(Collected data)
####################

(* Let $g:\mathbb{Z}\to[0,\infty)$ be such that $\liminf_{k\to\infty}g(q_0k)^{1/k}\geq1$ for every $q_0\in\mathbb{N}$. Let $\xi\in\mathbb{R}$ satisfy $|\xi-p/q|\geq g(q)\geq0$ for all $p\in\mathbb{Z}$, $q\in\mathbb{N}$, let $\beta=e^{2i\pi\xi}$, $\varphi(z)=\beta z$, and $C_\varphi f=f\circ\varphi$ on $\mathrm{Hol}(\mathbb{D})$. Then $$\{\beta^n:n\in\mathbb{N}_0\}\subset\sigma(C_\varphi)\subset\{e^{2i\pi x}:x\in\mathbb{R}\setminus\mathbb{Q}\}\cup\{1\}.$$
   Context: $\mathbb{D}$ is the open unit disc, $\mathrm{Hol}(\mathbb{D})$ the Fréchet space of holomorphic functions on $\mathbb{D}$, $\mathbb{N}_0=\mathbb{N}\cup\{0\}$. $\sigma(C_\varphi)$ is the set of $\lambda\in\mathbb{C}$ such that $\lambda\mathrm{Id}-C_\varphi$ is not bijective on $\mathrm{Hol}(\mathbb{D})$. *)

theory Defs
  imports "HOL-Complex_Analysis.Complex_Analysis"
begin

text \<open>Hol(D): holomorphic functions on the open unit disc. A function on D is represented
  canonically by its extension by 0 outside D, so equality of elements is equality on D.\<close>
definition HolD :: "(complex \<Rightarrow> complex) set" where
  "HolD = {f. f holomorphic_on ball 0 1 \<and> (\<forall>z. z \<notin> ball 0 1 \<longrightarrow> f z = 0)}"

definition comp_op :: "(complex \<Rightarrow> complex) \<Rightarrow> (complex \<Rightarrow> complex) \<Rightarrow> (complex \<Rightarrow> complex)" where
  "comp_op \<phi> f = (\<lambda>z. if z \<in> ball 0 1 then f (\<phi> z) else 0)"

definition spec_comp :: "(complex \<Rightarrow> complex) \<Rightarrow> complex set" where
  "spec_comp \<phi> = {c. \<not> bij_betw (\<lambda>f. (\<lambda>z. c * f z - comp_op \<phi> f z)) HolD HolD}"

end

theory Submission
  imports Defs
begin
lemma NS_code_of_test:
  fixes W :: "'a \<Rightarrow> 'b \<Rightarrow> real"
  assumes M: "2 \<le> M" and test: "NS_test M A B P T"
    and W1: "\<And>x. x \<in> A \<Longrightarrow> (\<Sum>y\<in>B. W x y) = 1"
  shows "\<exists>Z. is_NS_code M A B Z \<and> NS_error M A B W Z = (\<Sum>x\<in>A. \<Sum>y\<in>B. W x y * T x y)"
proof -
  have P1: "sum P A = 1" and T: "\<And>x y. x \<in> A \<Longrightarrow> y \<in> B \<Longrightarrow> 0 \<le> T x y \<and> T x y \<le> P x"
    and Tsum: "\<And>y. y \<in> B \<Longrightarrow> (\<Sum>x\<in>A. T x y) = 1 - 1 / real M"
    using test unfolding NS_test_def by auto
  define Z where "Z x (v::nat) y (w::nat) = (if v = w then P x - T x y else T x y / (real M - 1))" for x v y w
  have M1: "0 < real M - 1"
    using M by simp
  have sum_v: "(\<Sum>v<M. Z x v y w) = P x" if "w < M" for x y w
    unfolding Z_def using sum_lessThan_if_eq[OF that, of "P x - T x y" "T x y / (real M - 1)"] M1 by simp
  have sum_x: "(\<Sum>x\<in>A. Z x v y w) = 1 / real M" if "y \<in> B" for v y w
  proof (cases "v = w")
    case True
    then show ?thesis
      unfolding Z_def using Tsum[OF that] P1 by (simp add: sum_subtractf)
  next
    case False
    then have "(\<Sum>x\<in>A. Z x v y w) = (1 - 1 / real M) / (real M - 1)"
      unfolding Z_def using Tsum[OF that] by (simp add: sum_divide_distrib[symmetric])
    also have "\<dots> = 1 / real M"
      using M1 M by (simp add: field_simps)
    finally show ?thesis .
  qed
  have code: "is_NS_code M A B Z"
    unfolding is_NS_code_def
  proof (intro conjI ballI allI impI)
    fix x v y w assume "x \<in> A" "y \<in> B"
    then show "0 \<le> Z x v y w"
      unfolding Z_def using T[of x y] M1 by auto
  next
    fix y w assume "y \<in> B" "w < M"
    then show "(\<Sum>x\<in>A. \<Sum>v<M. Z x v y w) = 1"
      using sum_v P1 by simp
  qed (simp_all add: sum_x sum_v)
  have "(\<Sum>w<M. \<Sum>x\<in>A. \<Sum>y\<in>B. W x y * Z x w y w)
      = real M * ((\<Sum>x\<in>A. P x * (\<Sum>y\<in>B. W x y)) - (\<Sum>x\<in>A. \<Sum>y\<in>B. W x y * T x y))"
    unfolding Z_def by (simp add: algebra_simps sum_subtractf sum_distrib_left)
  also have "(\<Sum>x\<in>A. P x * (\<Sum>y\<in>B. W x y)) = 1"
    using W1 P1 by simp
  finally have "NS_error M A B W Z = (\<Sum>x\<in>A. \<Sum>y\<in>B. W x y * T x y)"
    unfolding NS_error_def using M by simp
  with code show ?thesis by blast
qed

####################

The lines you return should be those above that contain the word "HolD", every one of them.

- **Exercise response**
definition HolD :: "(complex \<Rightarrow> complex) set" where
  "HolD = {f. f holomorphic_on ball 0 1 \<and> (\<forall>z. z \<notin> ball 0 1 \<longrightarrow> f z = 0)}"
  "spec_comp \<phi> = {c. \<not> bij_betw (\<lambda>f. (\<lambda>z. c * f z - comp_op \<phi> f z)) HolD HolD}"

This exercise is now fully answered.